Ex-technology companies.
One of the most interesting questions I got after joining Calm in 2020 was whether Calm was a technology company. Most interestingly, this question wasn’t coming from friends or random strangers on the internet, it was coming from the engineers working there! In an attempt to answer those questions, I wrote up some notes, which summarize two perspectives on “being a technology company.”
The first perspective is Ben Thompson’s “Software has zero marginal costs.” You’re a technology company if adding your next user doesn’t create more costs to support that user. Yes, it’s not really zero, e.g. Stripe has some additional human overhead for managing fraud for each incremental user it adds, but it’s a sufficiently low coefficient that it’s effectively zero. This is the investor perspective, and matters predominantly to companies because it will change how their valuation is calculated, which in turn plays a significant role in investor, founder, and employee compensation.
If a company is a technology company in a “good” vertical, then the valuation might be 7-10x revenue. If it’s not a technology company, the valuation might be 2-5x revenue. The rationale behind this difference is that a technology company should be able to push its gross margin to 70+% as it matures, which will drive significantly higher cash flow, and most valuations are anchored in discounted future cash flow. This also means that if you’re perceived as a technology company one year, and then not perceived as a technology company a few years later, your company’s valuation plummets.
The second perspective on being a technology company is captured by Camille Fournier, “A company where engineering has a seat at the table for strategic discussions.” This is the employee perspective regarding how it feels to work within a company. If engineering has a meaningful influence in how the company makes decisions, then doing engineering work at that company will generally be a rewarding experience. If they don’t have much influence, then they’ll generally be treated as a cost center.

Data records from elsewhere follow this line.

text \<open>Dividing a nontrivial linear relation by a coefficient of minimal valuation.\<close>

lemma linear_relation_val_ring_coefficients:
  fixes w :: "'i \<Rightarrow> 'a::field ^ 'n"
  assumes v: "valuation v" and I: "finite I"
    and rel: "(\<Sum>i\<in>I. c i *s w i) = 0" and nontriv: "\<exists>i\<in>I. c i \<noteq> 0"
  shows "\<exists>j\<in>I. \<exists>\<beta>. (\<forall>i\<in>I. \<beta> i \<in> val_ring v) \<and> w j = (\<Sum>i\<in>I - {j}. \<beta> i *s w i)"
proof -
  define A where "A = {i \<in> I. c i \<noteq> 0}"
  have A: "finite A" "A \<noteq> {}"
    using I nontriv unfolding A_def by auto
  obtain j where j: "j \<in> A" and jmin: "\<And>i. i \<in> A \<Longrightarrow> v (c j) \<le> v (c i)"
    using arg_min_if_finite[OF A, of "\<lambda>i. v (c i)"] by (meson not_le)
  then have jI: "j \<in> I" and cj: "c j \<noteq> 0"
    unfolding A_def by auto
  define \<beta> where "\<beta> i = - (c i / c j)" for i
  have "\<beta> i \<in> val_ring v" if "i \<in> I" for i
    using that jmin cj unfolding \<beta>_def A_def
    by (intro val_ring_uminus[OF v] divide_in_val_ring[OF v]) auto
  moreover have "w j = (\<Sum>i\<in>I - {j}. \<beta> i *s w i)"
  proof -
    have "c j *s w j + (\<Sum>i\<in>I - {j}. c i *s w i) = 0"
      using rel jI I by (simp add: sum.remove)
    then have "c j *s w j = - (\<Sum>i\<in>I - {j}. c i *s w i)"
      by (simp add: add_eq_0_iff)
    then have "inverse (c j) *s (c j *s w j) = (\<Sum>i\<in>I - {j}. - inverse (c j) *s (c i *s w i))"
      by (simp add: vec.scale_sum_right sum_negf)
    then show ?thesis
      using cj by (simp add: \<beta>_def divide_inverse algebra_simps)
  qed
  ultimately show ?thesis
    using jI by blast
qed

lemma dual_shatters_witnesses:
  assumes "dual_shatters X F k"
  shows "\<exists>S q p. (\<forall>i<k. S i \<in> F \<and> q \<in> S i \<and> p i \<notin> S i) \<and>
           (\<forall>i<k. \<forall>j<k. j \<noteq> i \<longrightarrow> p i \<in> S j)"
proof -
  obtain S where SF: "\<And>i. i < k \<Longrightarrow> S i \<in> F"
    and atoms: "\<And>I. I \<subseteq> {..<k} \<Longrightarrow> X \<inter> (\<Inter>i\<in>I. S i) \<inter> (\<Inter>i\<in>{..<k} - I. X - S i) \<noteq> {}"
    using assms unfolding dual_shatters_def by blast
  obtain q where q: "\<And>i. i < k \<Longrightarrow> q \<in> S i"
    using atoms[of "{..<k}"] by blast
  have "\<exists>p. p \<notin> S i \<and> (\<forall>j<k. j \<noteq> i \<longrightarrow> p \<in> S j)" if "i < k" for i
  proof -
    have "{..<k} - ({..<k} - {i}) = {i}"
      using that by auto
    then show ?thesis
      using atoms[of "{..<k} - {i}"] by auto
  qed
  then obtain p where "\<And>i. i < k \<Longrightarrow> p i \<notin> S i \<and> (\<forall>j<k. j \<noteq> i \<longrightarrow> p i \<in> S j)"
    by metis
  then show ?thesis
    using SF q by blast
qed

lemma not_dual_shatters_Conv:
  fixes v :: "'a::field \<Rightarrow> 'g::linordered_ab_group_add"
  assumes v: "valuation v" and k: "CARD('n) < k"
  shows "\<not> dual_shatters (UNIV :: ('a ^ 'n) set) (Conv v) k"
proof
  assume shatters: "dual_shatters (UNIV :: ('a ^ 'n) set) (Conv v) k"
  obtain S :: "nat \<Rightarrow> ('a ^ 'n) set" and q p
    where S: "\<forall>i<k. S i \<in> Conv v \<and> q \<in> S i \<and> p i \<notin> S i"
    and p_other: "\<forall>i<k. \<forall>j<k. j \<noteq> i \<longrightarrow> p i \<in> S j"
    using dual_shatters_witnesses[OF shatters] by blast
  obtain c where rel: "(\<Sum>i<k. c i *s (p i - q)) = 0" and nontriv: "\<exists>i\<in>{..<k}. c i \<noteq> 0"
    using exists_linear_relation_if_card_gt[of "{..<k}" "\<lambda>i. p i - q"] k by auto
  obtain j \<beta> where j: "j < k" and \<beta>: "\<forall>i\<in>{..<k}. \<beta> i \<in> val_ring v"
    and comb: "p j - q = (\<Sum>i\<in>{..<k} - {j}. \<beta> i *s (p i - q))"
    using linear_relation_val_ring_coefficients[OF v finite_lessThan rel nontriv] by blast
  have "q + (\<Sum>i\<in>{..<k} - {j}. \<beta> i *s (p i - q)) \<in> S j"
    using S p_other \<beta> j by (intro val_convex_affine_combination[OF v]) (auto simp: Conv_def)
  then have "p j \<in> S j"
    unfolding comb[symmetric] by simp
  with S j show False by blast
qed

lemma val_convex_coordinate_hyperplane: "val_convex v {x :: 'a::field ^ 'n. x $ j = 0}"
  unfolding val_convex_def by (auto simp: sum_component)

lemma dual_shatters_Conv:
  fixes v :: "'a::field \<Rightarrow> 'g::linordered_ab_group_add"
  shows "dual_shatters (UNIV :: ('a ^ 'n) set) (Conv v) CARD('n)"
proof -
  obtain h :: "nat \<Rightarrow> 'n" where h: "bij_betw h {..<CARD('n)} UNIV"
    using ex_bij_betw_nat_finite[of "UNIV :: 'n set"] atLeast0LessThan by auto
  define S where "S i = {x :: 'a ^ 'n. x $ h i = 0}" for i
  have "S i \<in> Conv v" for i
    unfolding S_def Conv_def using val_convex_coordinate_hyperplane by blast
  moreover have "UNIV \<inter> (\<Inter>i\<in>I. S i) \<inter> (\<Inter>i\<in>{..<CARD('n)} - I. UNIV - S i) \<noteq> {}"
    if I: "I \<subseteq> {..<CARD('n)}" for I
  proof -
    define z :: "'a ^ 'n" where "z = (\<chi> j. if inv_into {..<CARD('n)} h j \<in> I then 0 else 1)"
    have "z $ h i = (if i \<in> I then 0 else 1)" if "i < CARD('n)" for i
      using bij_betw_inv_into_left[OF h, of i] that by (simp add: z_def)
    then have "z \<in> UNIV \<inter> (\<Inter>i\<in>I. S i) \<inter> (\<Inter>i\<in>{..<CARD('n)} - I. UNIV - S i)"
      using I by (auto simp: S_def)
    then show ?thesis by blast
  qed
  ultimately show ?thesis
    unfolding dual_shatters_def by blast
qed
theorem lemma2p3:
  fixes p k q :: nat
  assumes "prime p" and "odd p" and "k > 0" and "q = p ^ k"
    and "card (UNIV :: 'a::{field,finite} set) = p"
  shows "(Fract ([:-2, 1:] * (monom 1 (q^2 - 1) - 1)) 1
           / Fract ((monom 1 (q - 1) - 1) * (monom 1 q - monom 1 (q - 1) - 1)) 1
           :: 'a poly fract)
         = Fract (monom 1 ((q - 1)^2)
             + (\<Sum>(\<alpha>, \<beta>) \<in> {(\<alpha>, \<beta>). \<beta> \<le> q - 2 \<and> 0 < \<alpha> + \<beta> \<and> \<alpha> + \<beta> \<le> q - 1}.
                  monom (of_int (2 ^ (\<alpha> + \<beta>) * int ((2 * (q - 1) - \<alpha> - \<beta>) choose (q - 1))
                                 - int ((\<alpha> + \<beta>) choose \<alpha>)))
                        ((q - 1)^2 - (\<alpha> + \<beta> * q)))) 1"
proof -
  define t :: "'a poly fract" where "t = to_fract [:0, 1:]"
  have "CHAR('a poly fract) = p"
    using CHAR_eq_prime_card[where 'a = 'a] assms(1,5) by simp
  then have char: "prime CHAR('a poly fract)" "odd CHAR('a poly fract)" "q = CHAR('a poly fract) ^ k"
    using assms(1,2,4) by simp_all
  have "q > 1"
    using odd_prime_power_ge_3[OF assms(1-3)] assms(4) by simp
  then have "t \<noteq> 0" "t ^ (q - 1) \<noteq> 1" "t ^ q - t ^ (q - 1) - 1 \<noteq> 0"
    using to_fract_X_pow_pred_neq_1 to_fract_X_denominator_neq_0 by (simp_all add: t_def)
  note expansion = rational_function_expansion[OF char assms(3) this]
  have "[:-2, 1:] = [:0, 1:] - (2 :: 'a poly)"
    by (simp add: numeral_poly)
  then have "to_fract [:-2, 1:] = t - 2"
    by (simp add: t_def)
  moreover have "to_fract (monom 1 n) = t ^ n" "to_fract (monom (of_int z) n) = of_int z * t ^ n"
    for n z
    by (simp_all add: to_fract_monom t_def pCons_one flip: of_int_poly)
  ultimately show ?thesis
    using expansion unfolding exponent_pairs_def
    by (simp only: to_fract_def[symmetric] to_fract_mult to_fract_diff to_fract_add to_fract_1
        to_fract_sum prod.case_distrib)
qed

end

The recent trend that I want to apply these definitions to is that I see a number of companies losing their “technology company status.” These fallen technology companies are creating a new striation of company, whose employees and investors think of themselves as being in a technology company, but where the company itself is no longer able to effectively provide that experience to employees, or valuation to investors.
Companies are falling out of technology company status for a few reasons:
Their zero marginal costs were always aspirational constructs to attract investors. They can no longer find investors who believe in their dream, and they are not able to reach those zero marginal costs with their remaining cash reserves
They no longer believe they can change the business’ outcomes through R&D efforts, and as a result they shouldn’t include engineering as a major stakeholder in business decisions. I recently chatted with a data science leader who described their company reaching this state. They couldn’t show any business impact from the past two years of their product releases, so the finance team identified a surefire way for R&D to make a business impact: laying off much of the R&D team.
This is more extreme than the typical example of companies which have “overhired.” Those companies believe they have impactful R&D work to do, it’s simply that they have more capacity than high quality projects. These companies cannot identify non-maintenance R&D work that will make their business more valuable
The experience of working in this new striation of ex-technology company shares some of the ideas developed in Jean Yang’s Building Observability for 99% Developers: many of the latest ideas and trends are no longer appropriate or perhaps even affordable. However, compared to the 99% developer experience, this striation of ex-technology companies is in an even harder spot: they grew up, and established their R&D cost structures, believing they were technology companies. Now they have poor financial fundamentals and have downsized the R&D teams previously intended to build their way out of that predicament.
Organizations that spun up dedicated in-house build and deployment infrastructure have fixed engineering costs to maintain that infrastructure, and the math that convinced executives earlier–some sort of argument about the multiplicative effect on the impact of other engineers–doesn’t make as much sense anymore. But often you can’t just stop maintaining those investments, because that would require slowing down to decommission the existing systems, and ex-technology companies have little capacity for maintenance. Instead they’re focused on survival or roleplaying the motions of rapid product development despite actually spending the large majority of their time on maintenance.
This was the exact challenge we encountered after Digg’s layoffs: our architecture and processes had been designed for a team of ~50 engineers and now a team of ~10 had to operate it. Our service architecture of seven services made a great deal of sense for seven engineering teams, but was a lot less convenient for one engineering team with little redundancy in skillset.
If you’re trying to determine whether you’re in this ex-technology striation, the question I’d encourage you to ask yourself is whether R&D at your company can significantly change your company’s financial profile over the next three years. If the answer is yes, then I don’t think you’re a member. Even if you’re in a dark moment–and many people are in 2024–as long as you see a path for R&D to change your company’s financial fundamentals, stay hopeful.
On the other hand, if you simply don’t see a path to changing the underlying financials, then you probably have joined the new striation of ex-technology companies. This might be because your business never made sense as a technology company to begin with. Or it might be because your R&D operating structure is simply designed for a larger team than you’ll ever have again, and the work to solve that problem is uninvestable in your new circumstances.
The beautiful thing about our industry is that it’s a dynamic, living thing. We’re in a challenging pocket, but the good times are never too far around the corner either.